As a bonus you can do host level ad blocking via this DNS server, which should definitely be the minimum you do if you're concerned about skilled attacker threat models - code execution in the browser via a delivered ad isn't something you want to make easy!

> If you configure your own private DNS server over DNS-over-HTTPS, and have your own logging on it, you can review your DNS logs across any devices configured to use it, rapidly.

Pegasus can always DoH its DNS queries to a server of its choosing bypassing any and all network-wide / os-wide DNS settings. Granted IoCs can be set to flag such behaviour. Besides, DNS and ICMP can be additionally be used to siphon off data too.

When used carefully, IP firewalls make for a good defence.

> ...if you're concerned about skilled attacker threat models - code execution in the browser via a delivered ad isn't something you want to make easy!

True. If NSO group is in your threat-model, it definitely warrants extreme paranoia and caution.

Good point - perhaps didn't make the limitations clear enough though - this would only help if the early payload gets delivered through a request made to a remote server (which inherently goes through default system DNS).

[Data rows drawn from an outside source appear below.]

(* Let $(\Theta,\Sigma_\Theta)$ and $(\mathcal Y,\Sigma_{\mathcal Y})$ be Borel spaces, let $\pi$ be a prior probability measure on $\Theta$, and let $\{P_\theta\}_{\theta\in\Theta}$ be probability measures on $\mathcal Y$ (a Markov kernel). Let $X\sim\pi$ be the hidden parameter and $Y$ an observation with $Y\mid X=\theta \sim P_\theta$. Let $\beta:\Theta\to\mathbb R$ be the parameter of interest and $\check\beta:\mathcal Y\to\mathbb R$ any (measurable) estimator. Let $D:\mathbb R_+\to\mathbb R_+$, $\mathbb R_+=[0,\infty)$, satisfy $D(x)\ge D(y)$ whenever $x\ge y$, $D(0)=0$, and $D$ differentiable with derivative $\dot D$. Define the Bayesian error $$\mathsf E \equiv \mathbb E\{D[|\check\beta(Y)-\beta(X)|]\}.$$ For each $t\in\mathbb R_+$, let $\Phi_t,\Phi_t'\in\Sigma_\Theta$, let $\Sigma_t\equiv\{S\cap\Phi_t: S\in\Sigma_\Theta\}$ and $\Sigma_t'\equiv\{S\cap\Phi_t': S\in\Sigma_\Theta\}$ be the restricted $\sigma$-algebras, and let $T_t:\Phi_t\to\Phi_t'$ be a $\Sigma_t/\Sigma_t'$-measurable map such that there exists a measure $\pi_t$ on $(\Phi_t,\Sigma_t)$ satisfying $$\pi = \pi_t T_t^{-1}\quad\text{on }(\Phi_t',\Sigma_t'),$$ and $$\beta(T_t(\theta))\ge \beta(\theta)+t\quad\text{for }\pi_t\text{-almost every }\theta\in\Phi_t.$$ Assume further that both $\pi$ and $\pi_t$ are dominated by a reference measure $\mu$ on $(\Phi_t,\Sigma_t)$, with densities $f\equiv d\pi/d\mu$ and $f_t\equiv d\pi_t/d\mu$. Then $$\mathsf E\ge \mathsf Z_1\equiv \frac12\int_0^\infty dt\,\dot D\!\left(\frac t2\right)\mathcal V g_1(t),\qquad g_1(t)\equiv\int_{\Phi_t} d\mu(\theta)\,[f(\theta)+f_t(\theta)]\,\Pi\!\left(\theta,T_t(\theta),\frac{f(\theta)}{f(\theta)+f_t(\theta)}\right),$$ and also $$\mathsf E\ge \mathsf Z_2\equiv \frac12\int_0^\infty dt\,\dot D\!\left(\frac t2\right)\mathcal V g_2(t),\qquad g_2(t)\equiv 2\int_{\Phi_t} d\mu(\theta)\,\min\{f(\theta),f_t(\theta)\}\,\Pi\!\left(\theta,T_t(\theta),0.5\right).$$
   Context: For $\theta,\phi\in\Theta$ and $q\in[0,1]$, $\Pi(\theta,\phi,q)$ denotes the minimum error probability (minimized over all decision rules based on $Y$) for the binary hypothesis-testing problem with hypotheses $\mathcal H_0: Y\sim P_\theta$ and $\mathcal H_1: Y\sim P_\phi$, where $\mathcal H_0$ has prior probability $q$ and $\mathcal H_1$ has prior probability $1-q$. The valley-filling operator $\mathcal V$ acts on a function $g$ on $\mathbb R_+$ by $\mathcal V g(t)\equiv\sup_{t'\ge t} g(t')$. The measure $\pi_t$ need not be a probability measure. $\pi_tT_t^{-1}$ denotes the pushforward of $\pi_t$ under $T_t$. *)

theory Defs
  imports "HOL-Probability.Probability"
begin

text \<open>Borel space (standard Borel space): measurably isomorphic to a Borel subset of
  the reals (by Kuratowski's theorem equivalent to being isomorphic to a Borel subset
  of a Polish space).\<close>
definition borel_space :: "'a measure \<Rightarrow> bool" where
  "borel_space M \<longleftrightarrow>
     (\<exists>S \<in> sets (borel :: real measure). \<exists>f g.
        f \<in> measurable M (restrict_space borel S) \<and>
        g \<in> measurable (restrict_space borel S) M \<and>
        (\<forall>x\<in>space M. g (f x) = x) \<and> (\<forall>y\<in>S. f (g y) = y))"

text \<open>Minimum error probability of the binary test H0: Y ~ P th (prior q) vs
  H1: Y ~ P ph (prior 1 - q), minimised over all (deterministic) decision rules,
  i.e. measurable acceptance regions A for H1.\<close>
definition min_err_prob ::
  "'b measure \<Rightarrow> ('a \<Rightarrow> 'b measure) \<Rightarrow> 'a \<Rightarrow> 'a \<Rightarrow> real \<Rightarrow> real" where
  "min_err_prob N P th ph q =
     (INF A \<in> sets N. q * measure (P th) A + (1 - q) * measure (P ph) (space N - A))"

definition valley_fill :: "(real \<Rightarrow> ennreal) \<Rightarrow> real \<Rightarrow> ennreal" where
  "valley_fill g t = (SUP t' \<in> {t..}. g t')"

end

theory Submission
  imports Defs
begin

text \<open>
  By the layer-cake formula, E is one half of the integral over t \<ge> 0 of D'(t/2) F(t), where
  F(t) is the probability that |betac(Y) - beta(X)| \<ge> t/2. Since F is antitone, any g \<le> F
  on [0, \<infinity>) also satisfies V g \<le> F there, so it suffices to bound g1 and g2 by F.
  For fixed t, compare theta with T_t(theta) by the threshold test betac(y) \<ge> beta(theta) + t/2.
  Its error under theta is the upper tail of the estimation error at theta; as
  beta(T_t(theta)) \<ge> beta(theta) + t, its error under T_t(theta) is at most the lower tail at
  T_t(theta). Weighting the two errors with f and f_t and transporting the second one along T_t
  (where pi_t T_t^-1 = pi) turns the mu-integral into the pi-integral of the upper tail
  over Phi_t plus that of the lower tail over Phi'_t, which is at most F(t).
\<close>

lemma LIMSEQ_right_difference_quotient:
  fixes D D' :: "real \<Rightarrow> real"
  assumes D': "(D has_real_derivative D' x) (at x within {0..})" and x: "0 \<le> x"
  shows "(\<lambda>n. (D (x + 1 / Suc n) - D x) * Suc n) \<longlonglongrightarrow> D' x"
proof -
  have quotient: "((\<lambda>y. (D y - D x) / (y - x)) \<longlongrightarrow> D' x) (at x within {0..})"
    using D' has_field_derivative_iff by blast
  have "(\<lambda>n. x + 1 / real (Suc n)) \<longlonglongrightarrow> x + 0"
    by (intro tendsto_intros LIMSEQ_inverse_real_of_nat[unfolded inverse_eq_divide])
  moreover have "\<forall>\<^sub>F n in sequentially. x + 1 / real (Suc n) \<in> {0..} - {x}"
    using x by (auto intro!: always_eventually)
  ultimately have "filterlim (\<lambda>n. x + 1 / real (Suc n)) (at x within {0..}) sequentially"
    by (simp add: filterlim_at)
  from filterlim_compose[OF quotient this] show ?thesis
    by simp
qed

That's a fairly common compromise model though in my view - a message might contain a URL, and your phone might locally do a fetch of it to prepare a pretty preview, and that might try to exploit some weakness in the browser engine or whatever.

Given this was delivered via iMessage you're right - once they have code execution, the attacker can evade your DNS. If they can't get enough code in through their initial method to get their own DNS going, they might send a dropper which then pulls more code in from elsewhere, and that may give you an IOC to detect from that first query. If they can front their content on a popular domain though, this won't help.

Definitely favour network level protections before doing this, but if you just want the ability to get a view of your own DNS traffic from your device when it moves across WiFi and mobile data, this will give you a starting point.

Wow, that's scary. Could you provide the stdout from the tool indicating this?